* ACTION ITEM: Print, exactly as they appear in the listing below, the lines from the line with "assms(2,3) by (simp add: ann_def)" to the line with "b(1) by (simp add: m_comm)", with both end lines kept.

___ GIVEN ENTRIES

(* Let $R$ be a commutative Noetherian ring with unity such that $\Gamma_E(R)$ has at least three vertices. If a vertex $[y]$ of $\Gamma_E(R)$ is adjacent to a leaf, then $\operatorname{ann}(y)$ is a maximal element of $\mathfrak F=\{\operatorname{ann}(z)\mid 0\neq z\in R\}$ and is an associated prime of $R$.
   Context: For $x,y\in R$ write $x\sim y$ iff $\operatorname{ann}(x)=\operatorname{ann}(y)$; $[x]$ denotes the equivalence class of $x$. Let $Z^*(R)$ be the set of nonzero zero divisors of $R$. The graph $\Gamma_E(R)$ is the simple graph whose vertices are the classes $[x]$ with $x\in Z^*(R)$, two distinct vertices $[x],[y]$ being adjacent iff $xy=0$. A leaf is a vertex of degree $1$. An associated prime of $R$ is a prime ideal of the form $\operatorname{ann}(y)$, $y\in R$. *)

theory Defs
  imports "HOL-Algebra.Ring_Divisibility" "HOL-Algebra.Ideal"
begin

definition ann :: "('a, 'b) ring_scheme \<Rightarrow> 'a \<Rightarrow> 'a set" where
  "ann R x = {r \<in> carrier R. r \<otimes>\<^bsub>R\<^esub> x = \<zero>\<^bsub>R\<^esub>}"

definition Zstar :: "('a, 'b) ring_scheme \<Rightarrow> 'a set" where
  "Zstar R = {x \<in> carrier R. x \<noteq> \<zero>\<^bsub>R\<^esub> \<and>
      (\<exists>y \<in> carrier R. y \<noteq> \<zero>\<^bsub>R\<^esub> \<and> x \<otimes>\<^bsub>R\<^esub> y = \<zero>\<^bsub>R\<^esub>)}"

definition eclass :: "('a, 'b) ring_scheme \<Rightarrow> 'a \<Rightarrow> 'a set" where
  "eclass R x = {z \<in> carrier R. ann R z = ann R x}"

definition EVerts :: "('a, 'b) ring_scheme \<Rightarrow> 'a set set" where
  "EVerts R = eclass R ` Zstar R"

definition EAdj :: "('a, 'b) ring_scheme \<Rightarrow> 'a set \<Rightarrow> 'a set \<Rightarrow> bool" where
  "EAdj R X Y \<longleftrightarrow> X \<in> EVerts R \<and> Y \<in> EVerts R \<and> X \<noteq> Y \<and>
      (\<exists>x \<in> X. \<exists>y \<in> Y. x \<otimes>\<^bsub>R\<^esub> y = \<zero>\<^bsub>R\<^esub>)"

definition ELeaf :: "('a, 'b) ring_scheme \<Rightarrow> 'a set \<Rightarrow> bool" where
  "ELeaf R X \<longleftrightarrow> X \<in> EVerts R \<and> card {Y. EAdj R X Y} = 1"

definition annFamily :: "('a, 'b) ring_scheme \<Rightarrow> 'a set set" where
  "annFamily R = {ann R z | z. z \<in> carrier R \<and> z \<noteq> \<zero>\<^bsub>R\<^esub>}"

definition associated_prime :: "('a, 'b) ring_scheme \<Rightarrow> 'a set \<Rightarrow> bool" where
  "associated_prime R P \<longleftrightarrow> primeideal P R \<and> (\<exists>y \<in> carrier R. P = ann R y)"

end

theory Submission
  imports Defs
begin

text \<open>Let the leaf be [x]. A leaf has exactly one neighbour, so every nonzero w with wx = 0
  lies in [x] or [y]. If ann y \<subseteq> ann z with z \<noteq> 0, then xz = 0 since x \<in> ann y, so [z] is [x] or [y].
  The case [z] = [x] forces xx = 0, and a third vertex [c] then gives a contradiction: c is
  annihilated by some nonzero w \<in> {d, dx} with wx = 0, whence cx = 0 and [c] would be a neighbour
  of the leaf. So ann y is maximal among annihilators of nonzero elements, and such a maximal
  annihilator is prime because ann y \<subseteq> ann (a y).\<close>

lemma ann_ideal:
  fixes R (structure)
  assumes "cring R" and "y \<in> carrier R"
  shows "ideal (ann R y) R"
proof -
  interpret cring R by fact
  show ?thesis
  proof (rule idealI)
    show "ring R" by (rule ring_axioms)
    show "subgroup (ann R y) (add_monoid R)"
    proof
      show "ann R y \<subseteq> carrier (add_monoid R)" by (auto simp: ann_def)
      show "\<And>a b. a \<in> ann R y \<Longrightarrow> b \<in> ann R y \<Longrightarrow> a \<otimes>\<^bsub>add_monoid R\<^esub> b \<in> ann R y"
        using assms(2) by (auto simp: ann_def l_distr)
      show "\<one>\<^bsub>add_monoid R\<^esub> \<in> ann R y" using assms(2) by (auto simp: ann_def)
      show "\<And>a. a \<in> ann R y \<Longrightarrow> inv\<^bsub>add_monoid R\<^esub> a \<in> ann R y"
        using assms(2) by (auto simp: ann_def a_inv_def[symmetric] l_minus)
    qed
    show "\<And>a x. a \<in> ann R y \<Longrightarrow> x \<in> carrier R \<Longrightarrow> x \<otimes> a \<in> ann R y"
      using assms(2) by (auto simp: ann_def m_assoc)
    then show "\<And>a x. a \<in> ann R y \<Longrightarrow> x \<in> carrier R \<Longrightarrow> a \<otimes> x \<in> ann R y"
      by (metis ann_def m_comm mem_Collect_eq)
  qed
qed

lemma ann_subset_ann_mult:
  fixes R (structure)
  assumes "cring R" and "a \<in> carrier R" and "y \<in> carrier R"
  shows "ann R y \<subseteq> ann R (a \<otimes> y)"
proof
  interpret cring R by fact
  fix r assume "r \<in> ann R y"
  then have "r \<in> carrier R" and "r \<otimes> y = \<zero>" by (auto simp: ann_def)
  moreover have "r \<otimes> (a \<otimes> y) = a \<otimes> (r \<otimes> y)"
    using \<open>r \<in> carrier R\<close> assms(2,3) by (metis m_assoc m_comm)
  ultimately show "r \<in> ann R (a \<otimes> y)" using assms(2) by (simp add: ann_def)
qed

lemma primeideal_maximal_ann:
  fixes R (structure)
  assumes "cring R" and "y \<in> carrier R" and "y \<noteq> \<zero>"
    and maximal: "\<And>z. z \<in> carrier R \<Longrightarrow> z \<noteq> \<zero> \<Longrightarrow> ann R y \<subseteq> ann R z \<Longrightarrow> ann R z = ann R y"
  shows "primeideal (ann R y) R"
proof (rule primeidealI)
  interpret cring R by fact
  show "ideal (ann R y) R" by (rule ann_ideal[OF assms(1,2)])
  show "cring R" by fact
  have "\<one> \<notin> ann R y" using assms(2,3) by (simp add: ann_def)
  then show "carrier R \<noteq> ann R y" by auto
  fix a b assume a: "a \<in> carrier R" and b: "b \<in> carrier R" and ab: "a \<otimes> b \<in> ann R y"
  show "a \<in> ann R y \<or> b \<in> ann R y"
  proof (cases "a \<otimes> y = \<zero>")
    case True
    then show ?thesis using a by (simp add: ann_def)
  next
    case False
    have ann_ay: "ann R (a \<otimes> y) = ann R y"
      using maximal[OF _ False] ann_subset_ann_mult[OF assms(1) a assms(2)] a assms(2) by simp
    have "b \<otimes> (a \<otimes> y) = (a \<otimes> b) \<otimes> y" using a b assms(2) by (metis m_assoc m_comm)
    also have "\<dots> = \<zero>" using ab by (simp add: ann_def)
    finally have "b \<in> ann R (a \<otimes> y)" using b by (simp add: ann_def)
    then show ?thesis using ann_ay by simp
  qed
qed

lemma eclass_eq_iff:
  assumes "a \<in> carrier R" and "b \<in> carrier R"
  shows "eclass R a = eclass R b \<longleftrightarrow> ann R a = ann R b"
  using assms unfolding eclass_def by blast

lemma mult_zero_eclass:
  fixes R (structure)
  assumes "cring R" and "x \<in> carrier R" and "y \<in> carrier R"
    and "a \<in> eclass R x" and "b \<in> eclass R y" and "a \<otimes> b = \<zero>"
  shows "x \<otimes> y = \<zero>"
proof -
  interpret cring R by fact
  have a: "a \<in> carrier R" "ann R a = ann R x" and b: "b \<in> carrier R" "ann R b = ann R y"
    using assms(4,5) by (auto simp: eclass_def)
  have "b \<in> ann R a" using a(1) b(1) assms(6) by (simp add: ann_def m_comm)
  then have "b \<otimes> x = \<zero>" unfolding a(2) by (simp add: ann_def)
  then have "x \<otimes> b = \<zero>" using assms(2) b(1) by (simp add: m_comm)
  then have "x \<in> ann R b" using assms(2) by (simp add: ann_def)
  then show ?thesis unfolding b(2) by (simp add: ann_def)
qed

lemma EAdj_sym:
  fixes R (structure)
  assumes "cring R" and "EAdj R X Y"
  shows "EAdj R Y X"
proof -
  interpret cring R by fact
  have "X \<subseteq> carrier R" "Y \<subseteq> carrier R"
    using assms(2) by (auto simp: EAdj_def EVerts_def eclass_def)
  then show ?thesis using assms(2) unfolding EAdj_def by (metis m_comm subsetD)
qed

lemma EAdj_eclassI:
  fixes R (structure)
  assumes "x \<in> Zstar R" and "w \<in> Zstar R" and "ann R x \<noteq> ann R w" and "x \<otimes> w = \<zero>"
  shows "EAdj R (eclass R x) (eclass R w)"
proof -
  have "x \<in> eclass R x" "w \<in> eclass R w" using assms(1,2) by (auto simp: Zstar_def eclass_def)
  moreover have "eclass R x \<noteq> eclass R w"
    using assms(1-3) eclass_eq_iff by (fastforce simp: Zstar_def)
  ultimately show ?thesis using assms by (auto simp: EAdj_def EVerts_def)
qed

lemma ELeaf_neighbour_unique:
  assumes "ELeaf R L" and "EAdj R L Y" and "EAdj R L Y'"
  shows "Y = Y'"
proof -
  have "card {Y. EAdj R L Y} = 1" using assms(1) by (simp add: ELeaf_def)
  then obtain Z where "{Y. EAdj R L Y} = {Z}" by (rule card_1_singletonE)
  then show ?thesis using assms(2,3) by blast
qed

lemma ann_of_leaf_annihilator:
  fixes R (structure)
  assumes "cring R" and "x \<in> Zstar R" and "y \<in> carrier R"
    and leaf: "ELeaf R (eclass R x)" and adj: "EAdj R (eclass R x) (eclass R y)"
    and "w \<in> carrier R" and "w \<noteq> \<zero>" and "w \<otimes> x = \<zero>"
  shows "ann R w = ann R x \<or> ann R w = ann R y"
proof (cases "ann R w = ann R x")
  case False
  interpret cring R by fact
  have "w \<in> Zstar R" using assms(2,6-8) by (auto simp: Zstar_def)
  moreover have "x \<otimes> w = \<zero>" using assms(2,6,8) by (simp add: Zstar_def m_comm)
  ultimately have "EAdj R (eclass R x) (eclass R w)"
    using EAdj_eclassI[OF assms(2)] False by metis
  from ELeaf_neighbour_unique[OF leaf this adj] have "eclass R w = eclass R y" .
  then show ?thesis using eclass_eq_iff[OF assms(6,3)] by simp
qed simp

lemma ann_maximal_at_leaf_neighbour:
  fixes R (structure)
  assumes "cring R" and x: "x \<in> Zstar R" and y: "y \<in> Zstar R"
    and leaf: "ELeaf R (eclass R x)" and adj: "EAdj R (eclass R x) (eclass R y)"
    and c: "c \<in> Zstar R" and "eclass R c \<noteq> eclass R x" and "eclass R c \<noteq> eclass R y"
    and z: "z \<in> carrier R" "z \<noteq> \<zero>" and sub: "ann R y \<subseteq> ann R z"
  shows "ann R z = ann R y"
proof -
  interpret cring R by fact
  have xc: "x \<in> carrier R" and yc: "y \<in> carrier R" and cc: "c \<in> carrier R" and "c \<noteq> \<zero>"
    using x y c by (auto simp: Zstar_def)
  note leaf_ann = ann_of_leaf_annihilator[OF assms(1) x yc leaf adj]
  have "x \<otimes> y = \<zero>"
    using adj mult_zero_eclass[OF assms(1) xc yc] by (auto simp: EAdj_def)
  then have x_ann_y: "x \<in> ann R y" using xc yc by (simp add: ann_def m_comm)
  have "x \<otimes> z = \<zero>" using sub x_ann_y by (auto simp: ann_def)
  then have "z \<otimes> x = \<zero>" using xc z(1) by (simp add: m_comm)
  from leaf_ann[OF z this] show ?thesis
  proof
    assume "ann R z = ann R x"
    then have sub_x: "ann R y \<subseteq> ann R x" using sub by simp
    then have xx: "x \<otimes> x = \<zero>" using x_ann_y by (auto simp: ann_def)
    have "ann R c \<noteq> ann R x" "ann R c \<noteq> ann R y"
      using assms(7,8) eclass_eq_iff cc xc yc by metis+
    then have cx: "c \<otimes> x \<noteq> \<zero>" using leaf_ann[OF cc \<open>c \<noteq> \<zero>\<close>] by blast
    obtain d where d: "d \<in> carrier R" "d \<noteq> \<zero>" and cd: "c \<otimes> d = \<zero>"
      using c by (auto simp: Zstar_def)
    \<comment> \<open>a nonzero annihilator of c that is also killed by x\<close>
    define w where "w = (if d \<otimes> x = \<zero> then d else d \<otimes> x)"
    have wc: "w \<in> carrier R" and "w \<noteq> \<zero>" using d xc by (auto simp: w_def)
    have "w \<otimes> x = \<zero>" using xx d xc by (auto simp: w_def m_assoc)
    moreover have "c \<in> ann R w" using cd d xc cc by (auto simp: w_def ann_def m_assoc[symmetric])
    ultimately have "c \<in> ann R x" using leaf_ann[OF wc \<open>w \<noteq> \<zero>\<close>] sub_x by auto
    with cx show ?thesis by (simp add: ann_def)
  qed
qed

theorem corollary3p3:
  fixes R :: "('a, 'b) ring_scheme" (structure) and y :: 'a
  assumes "cring R" and "noetherian_ring R"
    and "\<exists>A B C. A \<in> EVerts R \<and> B \<in> EVerts R \<and> C \<in> EVerts R \<and>
                 A \<noteq> B \<and> A \<noteq> C \<and> B \<noteq> C"
    and "y \<in> Zstar R"
    and "\<exists>L. ELeaf R L \<and> EAdj R (eclass R y) L"
  shows "ann R y \<in> annFamily R
       \<and> (\<forall>J \<in> annFamily R. ann R y \<subseteq> J \<longrightarrow> J = ann R y)
       \<and> associated_prime R (ann R y)"
proof -
  have yc: "y \<in> carrier R" and "y \<noteq> \<zero>" using assms(4) by (auto simp: Zstar_def)
  obtain x where x: "x \<in> Zstar R" and leaf: "ELeaf R (eclass R x)"
    and "EAdj R (eclass R y) (eclass R x)"
    using assms(5) by (auto simp: ELeaf_def EVerts_def)
  then have adj: "EAdj R (eclass R x) (eclass R y)" using EAdj_sym[OF assms(1)] by blast
  obtain c where "c \<in> Zstar R" "eclass R c \<noteq> eclass R x" "eclass R c \<noteq> eclass R y"
    using assms(3) unfolding EVerts_def by (metis imageE)
  note maximal = ann_maximal_at_leaf_neighbour[OF assms(1) x assms(4) leaf adj this]
  have "primeideal (ann R y) R"
    using primeideal_maximal_ann[OF assms(1) yc \<open>y \<noteq> \<zero>\<close>] maximal by blast
  then show ?thesis
    using maximal yc \<open>y \<noteq> \<zero>\<close> by (auto simp: annFamily_def associated_prime_def)
qed

end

______

* OUTPUT FOR THIS TASK:
  have "\<one> \<notin> ann R y" using assms(2,3) by (simp add: ann_def)
  then show "carrier R \<noteq> ann R y" by auto
  fix a b assume a: "a \<in> carrier R" and b: "b \<in> carrier R" and ab: "a \<otimes> b \<in> ann R y"
  show "a \<in> ann R y \<or> b \<in> ann R y"
  proof (cases "a \<otimes> y = \<zero>")
    case True
    then show ?thesis using a by (simp add: ann_def)
  next
    case False
    have ann_ay: "ann R (a \<otimes> y) = ann R y"
      using maximal[OF _ False] ann_subset_ann_mult[OF assms(1) a assms(2)] a assms(2) by simp
    have "b \<otimes> (a \<otimes> y) = (a \<otimes> b) \<otimes> y" using a b assms(2) by (metis m_assoc m_comm)
    also have "\<dots> = \<zero>" using ab by (simp add: ann_def)
    finally have "b \<in> ann R (a \<otimes> y)" using b by (simp add: ann_def)
    then show ?thesis using ann_ay by simp
  qed
qed

lemma eclass_eq_iff:
  assumes "a \<in> carrier R" and "b \<in> carrier R"
  shows "eclass R a = eclass R b \<longleftrightarrow> ann R a = ann R b"
  using assms unfolding eclass_def by blast

lemma mult_zero_eclass:
  fixes R (structure)
  assumes "cring R" and "x \<in> carrier R" and "y \<in> carrier R"
    and "a \<in> eclass R x" and "b \<in> eclass R y" and "a \<otimes> b = \<zero>"
  shows "x \<otimes> y = \<zero>"
proof -
  interpret cring R by fact
  have a: "a \<in> carrier R" "ann R a = ann R x" and b: "b \<in> carrier R" "ann R b = ann R y"
    using assms(4,5) by (auto simp: eclass_def)
  have "b \<in> ann R a" using a(1) b(1) assms(6) by (simp add: ann_def m_comm)
  then have "b \<otimes> x = \<zero>" unfolding a(2) by (simp add: ann_def)
  then have "x \<otimes> b = \<zero>" using assms(2) b(1) by (simp add: m_comm)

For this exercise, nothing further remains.